What you have to do - Return the lines below in which the string "shows" occurs.

[Saved data entries]
○ ○ ○
lemma (in prob_space) miscov_step_unbiased:
  fixes obs :: "nat \<Rightarrow> 'a \<Rightarrow> bool" and R :: "'a \<Rightarrow> real"
  assumes obs: "indep_vars (\<lambda>_. count_space UNIV) obs {1..}"
    and q: "prob {\<omega> \<in> space M. obs t \<omega>} = q" "q \<noteq> 0"
    and R: "\<And>\<omega>. \<omega> \<in> space M \<Longrightarrow> R \<omega> = F (restrict (\<lambda>i. obs i \<omega>) {1..<t})" and t: "1 \<le> t"
  shows "integrable M (\<lambda>\<omega>. miscov s (R \<omega>))"
    and "integrable M (\<lambda>\<omega>. (\<alpha> - miscov s (R \<omega>)) * (if obs t \<omega> then 1 else 0) / q)"
    and "expectation (\<lambda>\<omega>. (\<alpha> - miscov s (R \<omega>)) * (if obs t \<omega> then 1 else 0) / q)
      = \<alpha> - expectation (\<lambda>\<omega>. miscov s (R \<omega>))"
proof -
  define f where "f b = \<alpha> - miscov s (F b)" for b
  have f_bound: "\<bar>f b\<bar> \<le> \<bar>\<alpha>\<bar> + 1" for b
    using abs_triangle_ineq4[of \<alpha> 1] by (simp add: f_def miscov_def)
  have past: "finite {1..<t}" "{1..<t} \<subseteq> {1..}" "t \<in> {1..}" "t \<notin> {1..<t}" using t by auto
  note weighted = expectation_importance_weighted[OF obs past f_bound q]
  have R_f: "\<alpha> - miscov s (R \<omega>) = f (restrict (\<lambda>i. obs i \<omega>) {1..<t})" if "\<omega> \<in> space M" for \<omega>
    by (simp add: f_def R[OF that])
  have int_f: "integrable M (\<lambda>\<omega>. \<alpha> - miscov s (R \<omega>))"
    using weighted(1) by (subst Bochner_Integration.integrable_cong[OF refl R_f]) auto
  then show int_miscov: "integrable M (\<lambda>\<omega>. miscov s (R \<omega>))"
    using Bochner_Integration.integrable_diff[OF integrable_const[of \<alpha>] int_f] by simp
  show "integrable M (\<lambda>\<omega>. (\<alpha> - miscov s (R \<omega>)) * (if obs t \<omega> then 1 else 0) / q)"
    using weighted(2) by (subst Bochner_Integration.integrable_cong[OF refl]) (auto simp: R_f)
  have "expectation (\<lambda>\<omega>. (\<alpha> - miscov s (R \<omega>)) * (if obs t \<omega> then 1 else 0) / q)
      = expectation (\<lambda>\<omega>. f (restrict (\<lambda>i. obs i \<omega>) {1..<t}) * (if obs t \<omega> then 1 else 0) / q)"
    by (rule Bochner_Integration.integral_cong) (simp_all add: R_f)
  also have "\<dots> = expectation (\<lambda>\<omega>. f (restrict (\<lambda>i. obs i \<omega>) {1..<t}))" by (rule weighted(3))
  also have "\<dots> = expectation (\<lambda>\<omega>. \<alpha> - miscov s (R \<omega>))"
    by (rule Bochner_Integration.integral_cong) (simp_all add: R_f)
  also have "\<dots> = \<alpha> - expectation (\<lambda>\<omega>. miscov s (R \<omega>))"
    using int_miscov by (simp add: prob_space)
  finally show "expectation (\<lambda>\<omega>. (\<alpha> - miscov s (R \<omega>)) * (if obs t \<omega> then 1 else 0) / q)
      = \<alpha> - expectation (\<lambda>\<omega>. miscov s (R \<omega>))" .
qed

lemma (in prob_space) abs_expectation_average_deviation_le:
  fixes X Y :: "'i \<Rightarrow> 'a \<Rightarrow> real"
  assumes A: "finite A" "A \<noteq> {}"
    and X_int: "\<And>i. i \<in> A \<Longrightarrow> integrable M (X i)" and Y_int: "\<And>i. i \<in> A \<Longrightarrow> integrable M (Y i)"
    and EY: "\<And>i. i \<in> A \<Longrightarrow> expectation (Y i) = \<alpha> - expectation (X i)"
    and K: "\<And>\<omega>. \<omega> \<in> space M \<Longrightarrow> \<bar>\<Sum>i\<in>A. Y i \<omega>\<bar> \<le> K"
  shows "\<bar>expectation (\<lambda>\<omega>. 1 / real (card A) * (\<Sum>i\<in>A. X i \<omega>)) - \<alpha>\<bar> \<le> K / real (card A)"
proof -
  have "expectation (\<lambda>\<omega>. \<Sum>i\<in>A. Y i \<omega>) = (\<Sum>i\<in>A. \<alpha> - expectation (X i))"
    using Y_int EY by (simp add: integral_sum)
  also have "\<dots> = real (card A) * \<alpha> - expectation (\<lambda>\<omega>. \<Sum>i\<in>A. X i \<omega>)"
    using X_int by (simp add: integral_sum sum_subtractf)
  finally have "expectation (\<lambda>\<omega>. \<Sum>i\<in>A. X i \<omega>)
      = real (card A) * \<alpha> - expectation (\<lambda>\<omega>. \<Sum>i\<in>A. Y i \<omega>)" by simp
  moreover have "1 / n * (n * \<alpha> - y) - \<alpha> = - y / n" if "0 < n" for n y :: real
    using that by (simp add: right_diff_distrib)
  ultimately have "expectation (\<lambda>\<omega>. 1 / real (card A) * (\<Sum>i\<in>A. X i \<omega>)) - \<alpha>
      = - expectation (\<lambda>\<omega>. \<Sum>i\<in>A. Y i \<omega>) / real (card A)"
    using A by (simp add: card_gt_0_iff)
  moreover have "\<bar>expectation (\<lambda>\<omega>. \<Sum>i\<in>A. Y i \<omega>)\<bar> \<le> K"
  proof -
    have "integrable M (\<lambda>\<omega>. \<Sum>i\<in>A. Y i \<omega>)" using Y_int by simp
    moreover have "- K \<le> (\<Sum>i\<in>A. Y i \<omega>)" "(\<Sum>i\<in>A. Y i \<omega>) \<le> K" if "\<omega> \<in> space M" for \<omega>
      using K[OF that] by auto
    ultimately show ?thesis
      by (intro abs_leI) (auto intro!: integral_le_const integral_ge_const simp: minus_le_iff)
  qed
  ultimately show ?thesis using A by (simp add: divide_right_mono)
qed

theorem theorem1:
  fixes \<alpha> B \<sigma> \<mu> L r1 :: real
    and rstar :: "nat \<Rightarrow> real"
    and P :: "real measure"
    and g :: "real \<Rightarrow> real"
    and M :: "'a measure"
    and obs :: "nat \<Rightarrow> 'a \<Rightarrow> bool"
    and p :: "nat \<Rightarrow> real"
    and \<eta> :: "nat \<Rightarrow> real"
    and r :: "nat \<Rightarrow> 'a \<Rightarrow> real"
    and T :: nat
  assumes alpha: "0 < \<alpha>" "\<alpha> < 1"
    and B: "0 < B"
    and rstar: "\<And>t. t \<ge> 1 \<Longrightarrow> rstar t \<in> {0..B}"
    and P_prob: "prob_space P" and P_sets: "sets P = sets borel"
    and P_supp: "measure P {0..B} = 1"
    and P_density: "\<exists>f K. f \<in> borel_measurable borel \<and> (\<forall>x. 0 \<le> f x \<and> f x \<le> K)
                        \<and> P = density lborel (\<lambda>x. ennreal (f x))"
    and sigma: "0 < \<sigma>"
    and g_deriv: "\<And>x. (quantile_risk P \<alpha> \<sigma> has_real_derivative g x) (at x)"
    and mu: "0 < \<mu>" "strongly_convex \<mu> (quantile_risk P \<alpha> \<sigma>)"
    and L: "0 < L" "L-lipschitz_on UNIV g"
    and M_prob: "prob_space M"
    and obs_indep: "prob_space.indep_vars M (\<lambda>_. count_space UNIV) obs {1..}"
    and p: "\<And>t. t \<ge> 1 \<Longrightarrow> 0 < p t \<and> p t \<le> 1"
    and obs_prob: "\<And>t. t \<ge> 1 \<Longrightarrow> measure M {\<omega> \<in> space M. obs t \<omega>} = p t"
    and eta_pos: "\<And>t. t \<ge> 1 \<Longrightarrow> 0 < \<eta> t"
    and eta_mono: "\<And>t. t \<ge> 1 \<Longrightarrow> \<eta> (Suc t) \<le> \<eta> t"
    and r1: "r1 \<in> {0..B}"
    and r_init: "\<And>\<omega>. \<omega> \<in> space M \<Longrightarrow> r 1 \<omega> = r1"
    and r_rec: "\<And>t \<omega>. t \<ge> 1 \<Longrightarrow> \<omega> \<in> space M \<Longrightarrow>
        g (r (Suc t) \<omega>) = g (r t \<omega>)
          - \<eta> t * (\<alpha> - miscov (rstar t) (r t \<omega>)) * (if obs t \<omega> then 1 else 0) / p t"
    and T: "T \<ge> 1"
  shows "\<bar>prob_space.expectation M
            (\<lambda>\<omega>. (1 / real T) * (\<Sum>t = 1..T. miscov (rstar t) (r t \<omega>))) - \<alpha>\<bar>
         \<le> 1 / (real T * \<eta> T) * (L * B + L * \<eta> 1 / (\<mu> * Min (p ` {1..T})))"
proof -
  interpret M: prob_space M by (rule M_prob)
  have g_sm: "\<mu> * (y - x)\<^sup>2 \<le> (g y - g x) * (y - x)" for x y
    by (rule strongly_convex_deriv_strongly_monotone[OF mu(2) g_deriv])
  have g_strict: "strict_mono g" by (rule strongly_monotone_strict_mono[OF mu(1) g_sm])
  define pm where "pm = Min (p ` {1..T})"
  have p_pos: "\<And>t. 1 \<le> t \<Longrightarrow> 0 < p t" using p by blast
  have pm: "0 < pm" using T p_pos by (simp add: pm_def)
  have step: "\<eta> t / p t \<le> \<eta> 1 / pm" if "1 \<le> t" "t \<le> T" for t
    unfolding pm_def using that
    by (intro step_ratio_le_Min[where \<eta>=\<eta> and p=p, OF eta_pos eta_mono p_pos]) auto
  have r_past: "r t \<omega> = imocp_threshold g rstar \<eta> p \<alpha> r1 t (restrict (\<lambda>i. obs i \<omega>) {1..<t})"
    if "1 \<le> t" "\<omega> \<in> space M" for t \<omega>
    by (rule imocp_threshold_eq[where r="\<lambda>t. r t \<omega>" and obs="\<lambda>t. obs t \<omega>",
          OF strict_mono_imp_inj_on[OF g_strict] r_init[OF that(2)] r_rec[OF _ that(2)] that(1)])
  define Y where "Y t \<omega> = (\<alpha> - miscov (rstar t) (r t \<omega>)) * (if obs t \<omega> then 1 else 0) / p t" for t \<omega>
  have sum_Y: "\<bar>\<Sum>t = 1..T. Y t \<omega>\<bar> \<le> (g B - g 0 + \<eta> 1 / pm) / \<eta> T" if "\<omega> \<in> space M" for \<omega>
    unfolding Y_def
    using imocp_weighted_sum_bound[where r="\<lambda>t. r t \<omega>" and obs="\<lambda>t. obs t \<omega>",
        OF strict_mono_mono[OF g_strict] _ _ rstar _ eta_pos eta_mono p_pos step r_rec[OF _ that] T]
      alpha r1 r_init[OF that] by simp
  have unbiased: "integrable M (\<lambda>\<omega>. miscov (rstar t) (r t \<omega>)) \<and> integrable M (Y t)
      \<and> M.expectation (Y t) = \<alpha> - M.expectation (\<lambda>\<omega>. miscov (rstar t) (r t \<omega>))"
    if "t \<in> {1..T}" for t
  proof -
    have t: "1 \<le> t" and "p t \<noteq> 0" using that p_pos[of t] by auto
    from M.miscov_step_unbiased[where R="r t" and F="imocp_threshold g rstar \<eta> p \<alpha> r1 t"
        and s="rstar t", OF obs_indep obs_prob[OF t] this(2) r_past[OF t] t]
    show ?thesis by (simp add: Y_def[abs_def])
  qed
  have "\<bar>M.expectation (\<lambda>\<omega>. 1 / real (card {1..T}) * (\<Sum>t = 1..T. miscov (rstar t) (r t \<omega>))) - \<alpha>\<bar>
      \<le> (g B - g 0 + \<eta> 1 / pm) / \<eta> T / real (card {1..T})"
    by (rule M.abs_expectation_average_deviation_le[where Y=Y]) (use T unbiased sum_Y in auto)
  also have "\<dots> \<le> (L * B + L * (\<eta> 1 / pm) / \<mu>) / \<eta> T / real (card {1..T})"
    using strongly_monotone_lipschitz_gap_le[OF g_sm mu(1) L(2), of B "\<eta> 1 / pm"]
      B pm eta_pos[of 1] eta_pos[of T] T by (intro divide_right_mono) auto
  finally show ?thesis unfolding pm_def by (simp add: mult.commute)
qed

end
○ ○ ○
Task answer -
  shows "integrable M (\<lambda>\<omega>. miscov s (R \<omega>))"
  shows "\<bar>expectation (\<lambda>\<omega>. 1 / real (card A) * (\<Sum>i\<in>A. X i \<omega>)) - \<alpha>\<bar> \<le> K / real (card A)"
  shows "\<bar>prob_space.expectation M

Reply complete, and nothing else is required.